Type out the entries again, matching each one exactly.

Stored items:
*** Begin section ***
definition if_zero_rf :: "recf \<Rightarrow> recf \<Rightarrow> recf \<Rightarrow> recf" where
  "if_zero_rf c a b = comp2_rf (RecF FstF (CompF SndF FstF)) (PairF a b) c"
lemma computes_if_zero_rf: "computes D c C \<Longrightarrow> computes D a A \<Longrightarrow> computes D b B \<Longrightarrow>
    computes D (if_zero_rf c a b) (\<lambda>x. if C x = 0 then A x else B x)"
  unfolding if_zero_rf_def
  by (rule computes_cong, (rule computes_basic | assumption)+) (auto simp: gr0_conv_Suc)

definition mod2_rf :: recf where "mod2_rf = unary_rec_rf (comp2_rf diff_rf (const_rf 1) (CompF SndF SndF))"
lemma computes_mod2_rf: "computes D mod2_rf (\<lambda>x. x mod 2)"
proof -
  have r: "rec_nat 0 (\<lambda>n y. Suc 0 - y) b = b mod 2" for b :: nat by (induction b) (auto simp: mod_Suc)
  show ?thesis unfolding mod2_rf_def
    by (rule computes_unary_rec_rf, (rule computes_basic computes_diff_rf)+) (simp add: r)
qed

definition div2_rf :: recf where
  "div2_rf = unary_rec_rf (comp2_rf add_rf (CompF SndF SndF) (CompF mod2_rf (CompF FstF SndF)))"
lemma computes_div2_rf: "computes D div2_rf (\<lambda>x. x div 2)"
proof -
  have r: "rec_nat 0 (\<lambda>n y. y + n mod 2) b = b div 2" for b :: nat
    by (induction b) (auto simp: div2_Suc_Suc, presburger)
  show ?thesis unfolding div2_rf_def
    by (rule computes_unary_rec_rf, (rule computes_basic computes_add_rf computes_mod2_rf)+)
      (simp add: r)
qed

definition triangle_rf :: recf where
  "triangle_rf = unary_rec_rf (comp2_rf add_rf (CompF SndF SndF) (CompF SucF (CompF FstF SndF)))"
lemma computes_triangle_rf: "computes D triangle_rf triangle"
proof -
  have r: "rec_nat 0 (\<lambda>n y. Suc (y + n)) b = triangle b" for b :: nat by (induction b) auto
  show ?thesis unfolding triangle_rf_def
    by (rule computes_unary_rec_rf, (rule computes_basic computes_add_rf)+) (simp add: r)
qed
*** End section ***
Task result =>
definition if_zero_rf :: "recf \<Rightarrow> recf \<Rightarrow> recf \<Rightarrow> recf" where
  "if_zero_rf c a b = comp2_rf (RecF FstF (CompF SndF FstF)) (PairF a b) c"
lemma computes_if_zero_rf: "computes D c C \<Longrightarrow> computes D a A \<Longrightarrow> computes D b B \<Longrightarrow>
    computes D (if_zero_rf c a b) (\<lambda>x. if C x = 0 then A x else B x)"
  unfolding if_zero_rf_def
  by (rule computes_cong, (rule computes_basic | assumption)+) (auto simp: gr0_conv_Suc)

definition mod2_rf :: recf where "mod2_rf = unary_rec_rf (comp2_rf diff_rf (const_rf 1) (CompF SndF SndF))"
lemma computes_mod2_rf: "computes D mod2_rf (\<lambda>x. x mod 2)"
proof -
  have r: "rec_nat 0 (\<lambda>n y. Suc 0 - y) b = b mod 2" for b :: nat by (induction b) (auto simp: mod_Suc)
  show ?thesis unfolding mod2_rf_def
    by (rule computes_unary_rec_rf, (rule computes_basic computes_diff_rf)+) (simp add: r)
qed

definition div2_rf :: recf where
  "div2_rf = unary_rec_rf (comp2_rf add_rf (CompF SndF SndF) (CompF mod2_rf (CompF FstF SndF)))"
lemma computes_div2_rf: "computes D div2_rf (\<lambda>x. x div 2)"
proof -
  have r: "rec_nat 0 (\<lambda>n y. y + n mod 2) b = b div 2" for b :: nat
    by (induction b) (auto simp: div2_Suc_Suc, presburger)
  show ?thesis unfolding div2_rf_def
    by (rule computes_unary_rec_rf, (rule computes_basic computes_add_rf computes_mod2_rf)+)
      (simp add: r)
qed

definition triangle_rf :: recf where
  "triangle_rf = unary_rec_rf (comp2_rf add_rf (CompF SndF SndF) (CompF SucF (CompF FstF SndF)))"
lemma computes_triangle_rf: "computes D triangle_rf triangle"
proof -
  have r: "rec_nat 0 (\<lambda>n y. Suc (y + n)) b = triangle b" for b :: nat by (induction b) auto
  show ?thesis unfolding triangle_rf_def
    by (rule computes_unary_rec_rf, (rule computes_basic computes_add_rf)+) (simp add: r)
qed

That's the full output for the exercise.